• **INPUT FOR THIS TASK**:
lemma conv_in_prob_zero_if_expectation_tendsto:
  assumes "\<And>n. integrable M (W n)" "\<And>n \<omega>. \<omega> \<in> space M \<Longrightarrow> 0 \<le> W n \<omega>"
    and "(\<lambda>n. expectation (W n)) \<longlonglongrightarrow> 0"
  shows "conv_in_prob M W 0"
  unfolding conv_in_prob_def
proof (intro allI impI)
  fix e :: real assume "e > 0"
  have Markov: "prob {\<omega> \<in> space M. \<bar>W n \<omega> - 0\<bar> > e} \<le> expectation (W n) / e" for n
  proof -
    have [measurable]: "W n \<in> borel_measurable M" using assms(1) by auto
    have "prob {\<omega> \<in> space M. \<bar>W n \<omega> - 0\<bar> > e} \<le> prob {\<omega> \<in> space M. W n \<omega> \<ge> e}"
      using assms(2) by (intro finite_measure_mono) auto
    also have "\<dots> \<le> expectation (W n) / e"
      by (rule integral_Markov_inequality_measure[where A = "space M"]) (use assms \<open>e > 0\<close> in auto)
    finally show ?thesis .
  qed
  show "(\<lambda>n. prob {\<omega> \<in> space M. \<bar>W n \<omega> - 0\<bar> > e}) \<longlonglongrightarrow> 0"
    by (rule Lim_null_comparison[OF always_eventually tendsto_divide_zero[OF assms(3), of e]])
      (use Markov in simp)
qed

lemma expectation_abs_le_prob_bound:
  assumes [measurable]: "W \<in> borel_measurable M"
    and bound: "\<And>\<omega>. \<omega> \<in> space M \<Longrightarrow> \<bar>W \<omega>\<bar> \<le> B" and "e \<ge> 0"
  shows "expectation (\<lambda>\<omega>. \<bar>W \<omega>\<bar>) \<le> e + B * prob {\<omega> \<in> space M. \<bar>W \<omega>\<bar> > e}"
proof -
  let ?A = "{\<omega> \<in> space M. \<bar>W \<omega>\<bar> > e}"
  have "expectation (\<lambda>\<omega>. \<bar>W \<omega>\<bar>) \<le> expectation (\<lambda>\<omega>. e + B * indicator ?A \<omega>)"
  proof (rule integral_mono)
    show "integrable M (\<lambda>\<omega>. e + B * indicator ?A \<omega>)"
      by (intro Bochner_Integration.integrable_add integrable_mult_right integrable_real_indicator)
        (auto simp: less_top[symmetric])
    show "integrable M (\<lambda>\<omega>. \<bar>W \<omega>\<bar>)"
      using bound by (intro integrable_const_bound[where B = B]) auto
    show "\<bar>W \<omega>\<bar> \<le> e + B * indicator ?A \<omega>" if "\<omega> \<in> space M" for \<omega>
      using bound[OF that] that \<open>e \<ge> 0\<close> by (auto simp: indicator_def)
  qed
  also have "\<dots> = e + B * prob ?A"
    by (simp add: prob_space less_top[symmetric])
  finally show ?thesis .
qed

lemma expectation_tendsto_zero_if_conv_in_prob_bounded:
  assumes [measurable]: "\<And>n. W n \<in> borel_measurable M"
    and bound: "\<And>n \<omega>. \<omega> \<in> space M \<Longrightarrow> \<bar>W n \<omega>\<bar> \<le> B"
    and "conv_in_prob M W 0"
  shows "(\<lambda>n. expectation (W n)) \<longlonglongrightarrow> 0"
proof (rule tendstoI)
  fix r :: real assume "r > 0"
  obtain \<omega> where "\<omega> \<in> space M" using not_empty by blast
  then have "B \<ge> 0" using bound[of \<omega> 0] by linarith
  have "r / 2 > 0" "r / (2 * (B + 1)) > 0" using \<open>r > 0\<close> \<open>B \<ge> 0\<close> by auto
  then have "(\<lambda>n. prob {\<omega> \<in> space M. \<bar>W n \<omega> - 0\<bar> > r / 2}) \<longlonglongrightarrow> 0"
    using assms(3) unfolding conv_in_prob_def by blast
  then have "\<forall>\<^sub>F n in sequentially. prob {\<omega> \<in> space M. \<bar>W n \<omega>\<bar> > r / 2} < r / (2 * (B + 1))"
    using \<open>r / (2 * (B + 1)) > 0\<close> by (auto dest: order_tendstoD)
  then show "\<forall>\<^sub>F n in sequentially. dist (expectation (W n)) 0 < r"
  proof eventually_elim
    case (elim n)
    have "dist (expectation (W n)) 0 \<le> expectation (\<lambda>\<omega>. \<bar>W n \<omega>\<bar>)"
      using integral_norm_bound[of M "W n"] by simp
    also have "\<dots> \<le> r / 2 + B * prob {\<omega> \<in> space M. \<bar>W n \<omega>\<bar> > r / 2}"
      using bound \<open>r > 0\<close> by (intro expectation_abs_le_prob_bound) auto
    also have "B * prob {\<omega> \<in> space M. \<bar>W n \<omega>\<bar> > r / 2} \<le> B * (r / (2 * (B + 1)))"
      using elim \<open>B \<ge> 0\<close> by (intro mult_left_mono) auto
    also have "\<dots> < r / 2"
      using \<open>r > 0\<close> \<open>B \<ge> 0\<close> by (simp add: field_simps)
    finally show ?case by simp
  qed
qed

lemma expectation_abs_diff_one_tendsto_zero:
  assumes "\<And>n. integrable M (Z n)" "\<And>n \<omega>. \<omega> \<in> space M \<Longrightarrow> 0 \<le> Z n \<omega>"
    and "\<And>n. expectation (Z n) = 1" "conv_in_prob M Z 1"
  shows "(\<lambda>n. expectation (\<lambda>\<omega>. \<bar>Z n \<omega> - 1\<bar>)) \<longlonglongrightarrow> 0"
proof -
  define F where "F n \<omega> = max 0 (1 - Z n \<omega>)" for n \<omega>
  have [measurable]: "Z n \<in> borel_measurable M" "F n \<in> borel_measurable M" for n
    using assms(1) unfolding F_def by auto
  have F_bound: "\<bar>F n \<omega>\<bar> \<le> 1" if "\<omega> \<in> space M" for n \<omega>
    using assms(2)[OF that, of n] by (simp add: F_def)
  have "conv_in_prob M F 0"
    by (rule conv_in_prob_zero_if_abs_le[OF _ assms(4)]) (auto simp: F_def)
  then have F_tendsto: "(\<lambda>n. expectation (F n)) \<longlonglongrightarrow> 0"
    using F_bound by (intro expectation_tendsto_zero_if_conv_in_prob_bounded) auto
  have abs_eq: "expectation (\<lambda>\<omega>. \<bar>Z n \<omega> - 1\<bar>) = 2 * expectation (F n)" for n
  proof -
    have "integrable M (F n)"
      using F_bound by (intro integrable_const_bound[where B = 1]) auto
    have "expectation (\<lambda>\<omega>. \<bar>Z n \<omega> - 1\<bar>) = expectation (\<lambda>\<omega>. (Z n \<omega> - 1) + 2 * F n \<omega>)"
      by (rule Bochner_Integration.integral_cong) (auto simp: F_def abs_if max_def)
    also have "\<dots> = 2 * expectation (F n)"
      using assms(1,3) \<open>integrable M (F n)\<close> by (simp add: prob_space)
    finally show ?thesis .
  qed
  show ?thesis
    unfolding abs_eq by (rule tendsto_mult_right_zero[OF F_tendsto])
qed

• **WORK TASK**:
Transcribe each entry. Leave nothing out.

• **OUTPUT FOR THIS EXERCISE**:
lemma conv_in_prob_zero_if_expectation_tendsto:
  assumes "\<And>n. integrable M (W n)" "\<And>n \<omega>. \<omega> \<in> space M \<Longrightarrow> 0 \<le> W n \<omega>"
    and "(\<lambda>n. expectation (W n)) \<longlonglongrightarrow> 0"
  shows "conv_in_prob M W 0"
  unfolding conv_in_prob_def
proof (intro allI impI)
  fix e :: real assume "e > 0"
  have Markov: "prob {\<omega> \<in> space M. \<bar>W n \<omega> - 0\<bar> > e} \<le> expectation (W n) / e" for n
  proof -
    have [measurable]: "W n \<in> borel_measurable M" using assms(1) by auto
    have "prob {\<omega> \<in> space M. \<bar>W n \<omega> - 0\<bar> > e} \<le> prob {\<omega> \<in> space M. W n \<omega> \<ge> e}"
      using assms(2) by (intro finite_measure_mono) auto
    also have "\<dots> \<le> expectation (W n) / e"
      by (rule integral_Markov_inequality_measure[where A = "space M"]) (use assms \<open>e > 0\<close> in auto)
    finally show ?thesis .
  qed
  show "(\<lambda>n. prob {\<omega> \<in> space M. \<bar>W n \<omega> - 0\<bar> > e}) \<longlonglongrightarrow> 0"
    by (rule Lim_null_comparison[OF always_eventually tendsto_divide_zero[OF assms(3), of e]])
      (use Markov in simp)
qed

lemma expectation_abs_le_prob_bound:
  assumes [measurable]: "W \<in> borel_measurable M"
    and bound: "\<And>\<omega>. \<omega> \<in> space M \<Longrightarrow> \<bar>W \<omega>\<bar> \<le> B" and "e \<ge> 0"
  shows "expectation (\<lambda>\<omega>. \<bar>W \<omega>\<bar>) \<le> e + B * prob {\<omega> \<in> space M. \<bar>W \<omega>\<bar> > e}"
proof -
  let ?A = "{\<omega> \<in> space M. \<bar>W \<omega>\<bar> > e}"
  have "expectation (\<lambda>\<omega>. \<bar>W \<omega>\<bar>) \<le> expectation (\<lambda>\<omega>. e + B * indicator ?A \<omega>)"
  proof (rule integral_mono)
    show "integrable M (\<lambda>\<omega>. e + B * indicator ?A \<omega>)"
      by (intro Bochner_Integration.integrable_add integrable_mult_right integrable_real_indicator)
        (auto simp: less_top[symmetric])
    show "integrable M (\<lambda>\<omega>. \<bar>W \<omega>\<bar>)"
      using bound by (intro integrable_const_bound[where B = B]) auto
    show "\<bar>W \<omega>\<bar> \<le> e + B * indicator ?A \<omega>" if "\<omega> \<in> space M" for \<omega>
      using bound[OF that] that \<open>e \<ge> 0\<close> by (auto simp: indicator_def)
  qed
  also have "\<dots> = e + B * prob ?A"
    by (simp add: prob_space less_top[symmetric])
  finally show ?thesis .
qed

lemma expectation_tendsto_zero_if_conv_in_prob_bounded:
  assumes [measurable]: "\<And>n. W n \<in> borel_measurable M"
    and bound: "\<And>n \<omega>. \<omega> \<in> space M \<Longrightarrow> \<bar>W n \<omega>\<bar> \<le> B"
    and "conv_in_prob M W 0"
  shows "(\<lambda>n. expectation (W n)) \<longlonglongrightarrow> 0"
proof (rule tendstoI)
  fix r :: real assume "r > 0"
  obtain \<omega> where "\<omega> \<in> space M" using not_empty by blast
  then have "B \<ge> 0" using bound[of \<omega> 0] by linarith
  have "r / 2 > 0" "r / (2 * (B + 1)) > 0" using \<open>r > 0\<close> \<open>B \<ge> 0\<close> by auto
  then have "(\<lambda>n. prob {\<omega> \<in> space M. \<bar>W n \<omega> - 0\<bar> > r / 2}) \<longlonglongrightarrow> 0"
    using assms(3) unfolding conv_in_prob_def by blast
  then have "\<forall>\<^sub>F n in sequentially. prob {\<omega> \<in> space M. \<bar>W n \<omega>\<bar> > r / 2} < r / (2 * (B + 1))"
    using \<open>r / (2 * (B + 1)) > 0\<close> by (auto dest: order_tendstoD)
  then show "\<forall>\<^sub>F n in sequentially. dist (expectation (W n)) 0 < r"
  proof eventually_elim
    case (elim n)
    have "dist (expectation (W n)) 0 \<le> expectation (\<lambda>\<omega>. \<bar>W n \<omega>\<bar>)"
      using integral_norm_bound[of M "W n"] by simp
    also have "\<dots> \<le> r / 2 + B * prob {\<omega> \<in> space M. \<bar>W n \<omega>\<bar> > r / 2}"
      using bound \<open>r > 0\<close> by (intro expectation_abs_le_prob_bound) auto
    also have "B * prob {\<omega> \<in> space M. \<bar>W n \<omega>\<bar> > r / 2} \<le> B * (r / (2 * (B + 1)))"
      using elim \<open>B \<ge> 0\<close> by (intro mult_left_mono) auto
    also have "\<dots> < r / 2"
      using \<open>r > 0\<close> \<open>B \<ge> 0\<close> by (simp add: field_simps)
    finally show ?case by simp
  qed
qed

lemma expectation_abs_diff_one_tendsto_zero:
  assumes "\<And>n. integrable M (Z n)" "\<And>n \<omega>. \<omega> \<in> space M \<Longrightarrow> 0 \<le> Z n \<omega>"
    and "\<And>n. expectation (Z n) = 1" "conv_in_prob M Z 1"
  shows "(\<lambda>n. expectation (\<lambda>\<omega>. \<bar>Z n \<omega> - 1\<bar>)) \<longlonglongrightarrow> 0"
proof -
  define F where "F n \<omega> = max 0 (1 - Z n \<omega>)" for n \<omega>
  have [measurable]: "Z n \<in> borel_measurable M" "F n \<in> borel_measurable M" for n
    using assms(1) unfolding F_def by auto
  have F_bound: "\<bar>F n \<omega>\<bar> \<le> 1" if "\<omega> \<in> space M" for n \<omega>
    using assms(2)[OF that, of n] by (simp add: F_def)
  have "conv_in_prob M F 0"
    by (rule conv_in_prob_zero_if_abs_le[OF _ assms(4)]) (auto simp: F_def)
  then have F_tendsto: "(\<lambda>n. expectation (F n)) \<longlonglongrightarrow> 0"
    using F_bound by (intro expectation_tendsto_zero_if_conv_in_prob_bounded) auto
  have abs_eq: "expectation (\<lambda>\<omega>. \<bar>Z n \<omega> - 1\<bar>) = 2 * expectation (F n)" for n
  proof -
    have "integrable M (F n)"
      using F_bound by (intro integrable_const_bound[where B = 1]) auto
    have "expectation (\<lambda>\<omega>. \<bar>Z n \<omega> - 1\<bar>) = expectation (\<lambda>\<omega>. (Z n \<omega> - 1) + 2 * F n \<omega>)"
      by (rule Bochner_Integration.integral_cong) (auto simp: F_def abs_if max_def)
    also have "\<dots> = 2 * expectation (F n)"
      using assms(1,3) \<open>integrable M (F n)\<close> by (simp add: prob_space)
    finally show ?thesis .
  qed
  show ?thesis
    unfolding abs_eq by (rule tendsto_mult_right_zero[OF F_tendsto])
qed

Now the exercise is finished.